Pertama, Anda bersiap menyalin kosong. Kecuali jika desain database Anda berubah, Anda bisa menggunakan kembali Salin ini setiap kali Anda Arsip. Lalu, saat Anda ingin arsip, Anda mengganti nama database back-end yang sudah ada untuk mengindikasikan bahwa itu adalah arsip, dan lalu Simpan salinan kosong sebagai database back-end baru.

Menyiapkan kosong salinan database back-end

Mengimpor definisi tabel untuk semua tabel dalam database back-end.

  1. Membuat database baru yang kosong. Menghapus Table1.

  2. Pada tab Data eksternal , di grup impor , klik Access.

  3. Dalam kotak dialog Dapatkan Data eksternal , pilih mengimpor tabel, kueri, formulir, laporan, makro dan modul ke dalam database saat ini, dan kemudian klik Telusuri.

  4. Dalam kotak dialog Buka File , pilih database back-end. Klik buka untuk menutup kotak dialog Buka File , dan lalu klik OK.

  5. Dalam kotak dialog Impor objek , klik opsi.

  6. Di bawah Impor tabel, pilih Definisi saja.

  7. Pada tab tabel , klik Pilih Semua, klik OK, dan lalu klik tutup.

Berikutnya, menambahkan data ke tabel pencarian apa pun di salinan kosong. Untuk setiap tabel pencarian, lakukan langkah berikut ini:

  1. Link ke tabel pencarian di database back-end yang sudah ada.

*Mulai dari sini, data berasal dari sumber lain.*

(* For $X\in\mathbb{L}^0(\mathbb{R},\mathcal{F})$ let $I(X)=E(X\mid\mathcal{H}):=E(X^+\mid\mathcal{H})-E(X^-\mid\mathcal{H})$. For $X,Y\in\mathbb{L}^0(\mathbb{R},\mathcal{F})$ we have $I(X+Y)=I(X)+I(Y)$ a.s. on the set $F=\bigcup_{i=1}^5F_i\in\mathcal{H}$, where $F_1=\{E(|X|\mid\mathcal{H})\in\mathbb{R},\ E(|Y|\mid\mathcal{H})\in\mathbb{R}\}$, $F_2=\{E(X^+\mid\mathcal{H})=+\infty,\ E(X^-\mid\mathcal{H})\in\mathbb{R},\ E(Y^-\mid\mathcal{H})\in\mathbb{R}\}$, $F_3=\{E(X^-\mid\mathcal{H})=+\infty,\ E(X^+\mid\mathcal{H})\in\mathbb{R},\ E(Y^+\mid\mathcal{H})\in\mathbb{R}\}$, $F_4=\{E(Y^+\mid\mathcal{H})=+\infty,\ E(X^-\mid\mathcal{H})\in\mathbb{R},\ E(Y^-\mid\mathcal{H})\in\mathbb{R}\}$, $F_5=\{E(Y^-\mid\mathcal{H})=+\infty,\ E(X^+\mid\mathcal{H})\in\mathbb{R},\ E(Y^+\mid\mathcal{H})\in\mathbb{R}\}$.
   Context: Let $(\Omega,\mathcal{F},\mathbb{P})$ be a probability space with $\mathcal{F}$ complete and $\mathcal{H}\subseteq\mathcal{F}$ a complete sub-$\sigma$-algebra. $\mathbb{L}^0(\mathbb{R},\mathcal{F})$ is the set of real-valued $\mathcal{F}$-measurable random variables. For $Z\ge0$, $E(Z\mid\mathcal{H})$ denotes the (generalized) conditional expectation with values in $[0,+\infty]$. $X^+=\max(X,0)$, $X^-=\max(-X,0)$. Arithmetic on $\overline{\mathbb{R}}=\mathbb{R}\cup\{\pm\infty\}$ uses the conventions $r\pm\infty=\pm\infty$ for $r\in\mathbb{R}$, $\infty-\infty=0$, $\infty+\infty=\infty$, $0\times(\pm\infty)=0$. *)

theory Defs
  imports "HOL-Probability.Probability"
begin

text \<open>Addition on the extended reals with the paper's convention
  (infinity minus infinity is 0); otherwise it is the usual ereal addition.\<close>
definition ext_add :: "ereal \<Rightarrow> ereal \<Rightarrow> ereal" where
  "ext_add a b = (if (a = \<infinity> \<and> b = -\<infinity>) \<or> (a = -\<infinity> \<and> b = \<infinity>) then 0 else a + b)"

definition ext_sub :: "ereal \<Rightarrow> ereal \<Rightarrow> ereal" where
  "ext_sub a b = ext_add a (- b)"

definition pos_part :: "('a \<Rightarrow> real) \<Rightarrow> 'a \<Rightarrow> ennreal" where
  "pos_part X = (\<lambda>x. ennreal (max (X x) 0))"

definition neg_part :: "('a \<Rightarrow> real) \<Rightarrow> 'a \<Rightarrow> ennreal" where
  "neg_part X = (\<lambda>x. ennreal (max (- X x) 0))"

definition gen_cond_exp :: "'a measure \<Rightarrow> 'a measure \<Rightarrow> ('a \<Rightarrow> real) \<Rightarrow> 'a \<Rightarrow> ereal" where
  "gen_cond_exp M H X = (\<lambda>x. ext_sub (enn2ereal (nn_cond_exp M H (pos_part X) x))
                                      (enn2ereal (nn_cond_exp M H (neg_part X) x)))"

end

theory Submission
  imports Defs
begin

text \<open>Pointwise, \<open>(X + Y)\<^sup>+ + X\<^sup>- + Y\<^sup>- = (X + Y)\<^sup>- + X\<^sup>+ + Y\<^sup>+\<close>, together with
  \<open>(X + Y)\<^sup>+ \<le> X\<^sup>+ + Y\<^sup>+\<close> and \<open>(X + Y)\<^sup>- \<le> X\<^sup>- + Y\<^sup>-\<close>; conditional expectation is additive
  and monotone, so the same relations hold almost surely between the conditional expectations
  of the six parts. The remaining work is arithmetic in \<open>[-\<infinity>, \<infinity>]\<close>: if the
  conditional expectations of \<open>X\<^sup>-\<close> and \<open>Y\<^sup>-\<close> are finite, then so is that of \<open>(X + Y)\<^sup>-\<close>,
  no \<open>\<infinity> - \<infinity>\<close> occurs, and the balance identity can be rearranged; the case of finite
  positive parts follows by negation. Each of \<open>F\<^sub>1, \<dots>, F\<^sub>5\<close> lies in one of these two cases.\<close>

lemma uminus_ext_add: "- ext_add a b = ext_add (- a) (- b)"
  by (cases a; cases b) (auto simp: ext_add_def)

lemma uminus_ext_sub: "- ext_sub a b = ext_sub b a"
  by (cases a; cases b) (auto simp: ext_sub_def ext_add_def)

lemma ext_sub_balance_real:
  fixes a p q :: ereal and b n r :: real
  assumes "a + n + r = b + p + q" and "0 \<le> p" and "0 \<le> q"
  shows "ext_sub a b = ext_add (ext_sub p n) (ext_sub q r)"
  using assms by (cases a; cases p; cases q) (auto simp: ext_sub_def ext_add_def)

lemma ext_sub_balance_neg_finite:
  fixes a b p n q r :: ennreal
  assumes balance: "a + n + r = b + p + q" and "b \<le> n + r" and "n < \<infinity>" "r < \<infinity>"
  shows "ext_sub (enn2ereal a) (enn2ereal b)
           = ext_add (ext_sub (enn2ereal p) (enn2ereal n)) (ext_sub (enn2ereal q) (enn2ereal r))"
proof -
  have "n + r < \<infinity>"
    using \<open>n < \<infinity>\<close> \<open>r < \<infinity>\<close> by (simp add: infinity_ennreal_def)
  with \<open>b \<le> n + r\<close> have "b < \<infinity>"
    by (rule le_less_trans)
  have finite_real: "\<exists>t\<ge>0. x = ennreal t" if "x < \<infinity>" for x :: ennreal
    using that by (simp add: less_top_ennreal infinity_ennreal_def)
  obtain b' n' r' where "b = ennreal b'" "n = ennreal n'" "r = ennreal r'"
    and "b' \<ge> 0" "n' \<ge> 0" "r' \<ge> 0"
    using finite_real[OF \<open>b < \<infinity>\<close>] finite_real[OF \<open>n < \<infinity>\<close>] finite_real[OF \<open>r < \<infinity>\<close>]
    by blast
  moreover have "enn2ereal a + n' + r' = b' + enn2ereal p + enn2ereal q"
    using arg_cong[OF balance, of enn2ereal] calculation by (simp add: plus_ennreal.rep_eq)
  ultimately show ?thesis
    using ext_sub_balance_real[of "enn2ereal a" n' r' b' "enn2ereal p" "enn2ereal q"] by simp
qed

lemma ext_sub_balance:
  fixes a b p n q r :: ennreal
  assumes balance: "a + n + r = b + p + q" and "a \<le> p + q" and "b \<le> n + r"
    and finite: "(n < \<infinity> \<and> r < \<infinity>) \<or> (p < \<infinity> \<and> q < \<infinity>)"
  shows "ext_sub (enn2ereal a) (enn2ereal b)
           = ext_add (ext_sub (enn2ereal p) (enn2ereal n)) (ext_sub (enn2ereal q) (enn2ereal r))"
  using finite
proof
  assume "n < \<infinity> \<and> r < \<infinity>"
  then show ?thesis
    using assms by (intro ext_sub_balance_neg_finite) auto
next
  assume "p < \<infinity> \<and> q < \<infinity>"
  then have "ext_sub (enn2ereal b) (enn2ereal a)
               = ext_add (ext_sub (enn2ereal n) (enn2ereal p)) (ext_sub (enn2ereal r) (enn2ereal q))"
    using assms by (intro ext_sub_balance_neg_finite) auto
  then show ?thesis
    by (metis uminus_ext_add uminus_ext_sub)
qed

lemma borel_measurable_pos_part [measurable]:
  "X \<in> borel_measurable M \<Longrightarrow> pos_part X \<in> borel_measurable M"
  unfolding pos_part_def by measurable

lemma borel_measurable_neg_part [measurable]:
  "X \<in> borel_measurable M \<Longrightarrow> neg_part X \<in> borel_measurable M"
  unfolding neg_part_def by measurable

lemma pos_part_add_neg_part: "pos_part X x + neg_part X x = ennreal \<bar>X x\<bar>"
  by (simp add: pos_part_def neg_part_def ennreal_plus[symmetric] max_def del: ennreal_plus)

lemma pos_part_add_le: "pos_part (\<lambda>z. X z + Y z) x \<le> pos_part X x + pos_part Y x"
proof -
  have "max (X x + Y x) 0 \<le> max (X x) 0 + max (Y x) 0"
    by (simp add: max_def)
  then show ?thesis
    unfolding pos_part_def by (metis ennreal_leI ennreal_plus max.cobounded2)
qed

lemma neg_part_add_le: "neg_part (\<lambda>z. X z + Y z) x \<le> neg_part X x + neg_part Y x"
proof -
  have "max (- (X x + Y x)) 0 \<le> max (- X x) 0 + max (- Y x) 0"
    by (simp add: max_def)
  then show ?thesis
    unfolding neg_part_def by (metis ennreal_leI ennreal_plus max.cobounded2)
qed

lemma pos_part_neg_part_add_balance:
  "pos_part (\<lambda>z. X z + Y z) x + neg_part X x + neg_part Y x
     = neg_part (\<lambda>z. X z + Y z) x + pos_part X x + pos_part Y x"
proof -
  have "max (X x + Y x) 0 + max (- X x) 0 + max (- Y x) 0
          = max (- (X x + Y x)) 0 + max (X x) 0 + max (Y x) 0"
    by (simp add: max_def)
  then show ?thesis
    unfolding pos_part_def neg_part_def
    by (simp only: ennreal_plus[symmetric] max.cobounded2 add_nonneg_nonneg)
qed

context sigma_finite_subalgebra
begin

lemma nn_cond_exp_abs:
  assumes [measurable]: "X \<in> borel_measurable M"
  shows "AE x in M. nn_cond_exp M F (\<lambda>z. ennreal \<bar>X z\<bar>) x
                      = nn_cond_exp M F (pos_part X) x + nn_cond_exp M F (neg_part X) x"
proof -
  have "AE x in M. nn_cond_exp M F (pos_part X) x + nn_cond_exp M F (neg_part X) x
                     = nn_cond_exp M F (\<lambda>x. pos_part X x + neg_part X x) x"
    by (rule nn_cond_exp_sum) auto
  then show ?thesis
    by eventually_elim (simp add: pos_part_add_neg_part)
qed

lemma nn_cond_exp_le_add:
  assumes "\<And>x. h x \<le> f x + g x"
    and [measurable]: "f \<in> borel_measurable M" "g \<in> borel_measurable M" "h \<in> borel_measurable M"
  shows "AE x in M. nn_cond_exp M F h x \<le> nn_cond_exp M F f x + nn_cond_exp M F g x"
proof -
  have "AE x in M. nn_cond_exp M F h x \<le> nn_cond_exp M F (\<lambda>x. f x + g x) x"
    by (rule nn_cond_exp_mono) (auto simp: assms(1))
  moreover have "AE x in M. nn_cond_exp M F f x + nn_cond_exp M F g x
                              = nn_cond_exp M F (\<lambda>x. f x + g x) x"
    by (rule nn_cond_exp_sum) auto
  ultimately show ?thesis
    by eventually_elim simp
qed

lemma nn_cond_exp_add3_eq:
  assumes "\<And>x. f1 x + f2 x + f3 x = g1 x + g2 x + g3 x"
    and [measurable]: "f1 \<in> borel_measurable M" "f2 \<in> borel_measurable M" "f3 \<in> borel_measurable M"
      "g1 \<in> borel_measurable M" "g2 \<in> borel_measurable M" "g3 \<in> borel_measurable M"
  shows "AE x in M. nn_cond_exp M F f1 x + nn_cond_exp M F f2 x + nn_cond_exp M F f3 x
                      = nn_cond_exp M F g1 x + nn_cond_exp M F g2 x + nn_cond_exp M F g3 x"
proof -
  have "AE x in M. nn_cond_exp M F f1 x + nn_cond_exp M F f2 x
                     = nn_cond_exp M F (\<lambda>x. f1 x + f2 x) x"
    and "AE x in M. nn_cond_exp M F (\<lambda>x. f1 x + f2 x) x + nn_cond_exp M F f3 x
                     = nn_cond_exp M F (\<lambda>x. f1 x + f2 x + f3 x) x"
    and "AE x in M. nn_cond_exp M F g1 x + nn_cond_exp M F g2 x
                     = nn_cond_exp M F (\<lambda>x. g1 x + g2 x) x"
    and "AE x in M. nn_cond_exp M F (\<lambda>x. g1 x + g2 x) x + nn_cond_exp M F g3 x
                     = nn_cond_exp M F (\<lambda>x. g1 x + g2 x + g3 x) x"
    by (rule nn_cond_exp_sum; simp)+
  then show ?thesis
    by eventually_elim (simp add: assms(1))
qed

lemma gen_cond_exp_add:
  assumes [measurable]: "X \<in> borel_measurable M" "Y \<in> borel_measurable M"
  shows "AE x in M.
           (nn_cond_exp M F (neg_part X) x < \<infinity> \<and> nn_cond_exp M F (neg_part Y) x < \<infinity>) \<or>
           (nn_cond_exp M F (pos_part X) x < \<infinity> \<and> nn_cond_exp M F (pos_part Y) x < \<infinity>) \<longrightarrow>
             gen_cond_exp M F (\<lambda>z. X z + Y z) x = ext_add (gen_cond_exp M F X x) (gen_cond_exp M F Y x)"
proof -
  have "AE x in M. nn_cond_exp M F (pos_part (\<lambda>z. X z + Y z)) x
           + nn_cond_exp M F (neg_part X) x + nn_cond_exp M F (neg_part Y) x
         = nn_cond_exp M F (neg_part (\<lambda>z. X z + Y z)) x
           + nn_cond_exp M F (pos_part X) x + nn_cond_exp M F (pos_part Y) x"
    by (rule nn_cond_exp_add3_eq[OF pos_part_neg_part_add_balance]) auto
  moreover have "AE x in M. nn_cond_exp M F (pos_part (\<lambda>z. X z + Y z)) x
                   \<le> nn_cond_exp M F (pos_part X) x + nn_cond_exp M F (pos_part Y) x"
    by (rule nn_cond_exp_le_add[OF pos_part_add_le]) auto
  moreover have "AE x in M. nn_cond_exp M F (neg_part (\<lambda>z. X z + Y z)) x
                   \<le> nn_cond_exp M F (neg_part X) x + nn_cond_exp M F (neg_part Y) x"
    by (rule nn_cond_exp_le_add[OF neg_part_add_le]) auto
  ultimately show ?thesis
    unfolding gen_cond_exp_def by eventually_elim (rule impI, rule ext_sub_balance)
qed

end

theorem mainTheorem17:
  fixes M H :: "'a measure" and X Y :: "'a \<Rightarrow> real"
  assumes "prob_space M"
    and "complete_measure M"
    and "subalgebra M H"
    and "null_sets M \<subseteq> sets H"
    and "X \<in> borel_measurable M"
    and "Y \<in> borel_measurable M"
  defines "F1 \<equiv> {x \<in> space M. nn_cond_exp M H (\<lambda>z. ennreal \<bar>X z\<bar>) x < \<infinity>
                               \<and> nn_cond_exp M H (\<lambda>z. ennreal \<bar>Y z\<bar>) x < \<infinity>}"
    and "F2 \<equiv> {x \<in> space M. nn_cond_exp M H (pos_part X) x = \<infinity>
                               \<and> nn_cond_exp M H (neg_part X) x < \<infinity>
                               \<and> nn_cond_exp M H (neg_part Y) x < \<infinity>}"
    and "F3 \<equiv> {x \<in> space M. nn_cond_exp M H (neg_part X) x = \<infinity>
                               \<and> nn_cond_exp M H (pos_part X) x < \<infinity>
                               \<and> nn_cond_exp M H (pos_part Y) x < \<infinity>}"
    and "F4 \<equiv> {x \<in> space M. nn_cond_exp M H (pos_part Y) x = \<infinity>
                               \<and> nn_cond_exp M H (neg_part X) x < \<infinity>
                               \<and> nn_cond_exp M H (neg_part Y) x < \<infinity>}"
    and "F5 \<equiv> {x \<in> space M. nn_cond_exp M H (neg_part Y) x = \<infinity>
                               \<and> nn_cond_exp M H (pos_part X) x < \<infinity>
                               \<and> nn_cond_exp M H (pos_part Y) x < \<infinity>}"
  shows "F1 \<union> F2 \<union> F3 \<union> F4 \<union> F5 \<in> sets H \<and>
         (AE x in M. x \<in> F1 \<union> F2 \<union> F3 \<union> F4 \<union> F5 \<longrightarrow>
            gen_cond_exp M H (\<lambda>z. X z + Y z) x
              = ext_add (gen_cond_exp M H X x) (gen_cond_exp M H Y x))"
proof
  interpret finite_measure_subalgebra M H
    using assms(1,3) by (simp add: finite_measure_subalgebra_def finite_measure_subalgebra_axioms_def
        prob_space_def)
  have space_H: "space H = space M"
    using subalg by (simp add: subalgebra_def)
  show "F1 \<union> F2 \<union> F3 \<union> F4 \<union> F5 \<in> sets H"
    unfolding F1_def F2_def F3_def F4_def F5_def space_H[symmetric] by measurable
  have "AE x in M. x \<in> F1 \<union> F2 \<union> F3 \<union> F4 \<union> F5 \<longrightarrow>
          (nn_cond_exp M H (neg_part X) x < \<infinity> \<and> nn_cond_exp M H (neg_part Y) x < \<infinity>) \<or>
          (nn_cond_exp M H (pos_part X) x < \<infinity> \<and> nn_cond_exp M H (pos_part Y) x < \<infinity>)"
    using nn_cond_exp_abs[OF assms(5)] nn_cond_exp_abs[OF assms(6)]
    by eventually_elim (auto simp: F1_def F2_def F3_def F4_def F5_def)
  with gen_cond_exp_add[OF assms(5,6)]
  show "AE x in M. x \<in> F1 \<union> F2 \<union> F3 \<union> F4 \<union> F5 \<longrightarrow>
          gen_cond_exp M H (\<lambda>z. X z + Y z) x = ext_add (gen_cond_exp M H X x) (gen_cond_exp M H Y x)"
    by eventually_elim blast
qed

end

  2. Membuat kueri penambahan yang menambahkan semua rekaman dari sel asli ke salinan.

Ganti database back-end dengan salinan kosong

Pertama, mengganti nama database back-end yang sudah ada untuk menunjukkan bahwa ini adalah arsip.

Lalu, buka salinan yang kosong, dan menyimpannya dengan nama database back-end asli.

  1. Klik Tombol Microsoft Office Gambar tombol Office , dan lalu arahkan ke Simpan sebagai. Membuka menu Simpan sebagai .

  2. Di bawah Simpan database dalam format lain, klik Access 2007 Database.

Atas Halaman

Catatan: Penafian Terjemahan Mesin: Artikel ini telah diterjemahan oleh sistem komputer tanpa campur tangan manusia. Microsoft menawarkan terjemahan mesin ini untuk membantu pengguna yang bukan penutur bahasa Inggris agar dapat menikmati konten tentang produk, layanan, dan teknologi Microsoft. Karena artikel ini diterjemahkan oleh mesin, mungkin akan terdapat kesalahan kosa kata, sintaksis, atau tata bahasa.

Kembangkan keterampilan Anda
Jelajahi pelatihan
Dapatkan fitur baru terlebih dahulu
Gabung ke Office Insiders

Apakah informasi ini bermanfaat?

Terima kasih atas umpan balik Anda!

Terima kasih atas umpan balik Anda! Sepertinya menghubungkan Anda ke salah satu agen dukungan Office kami akan sangat membantu.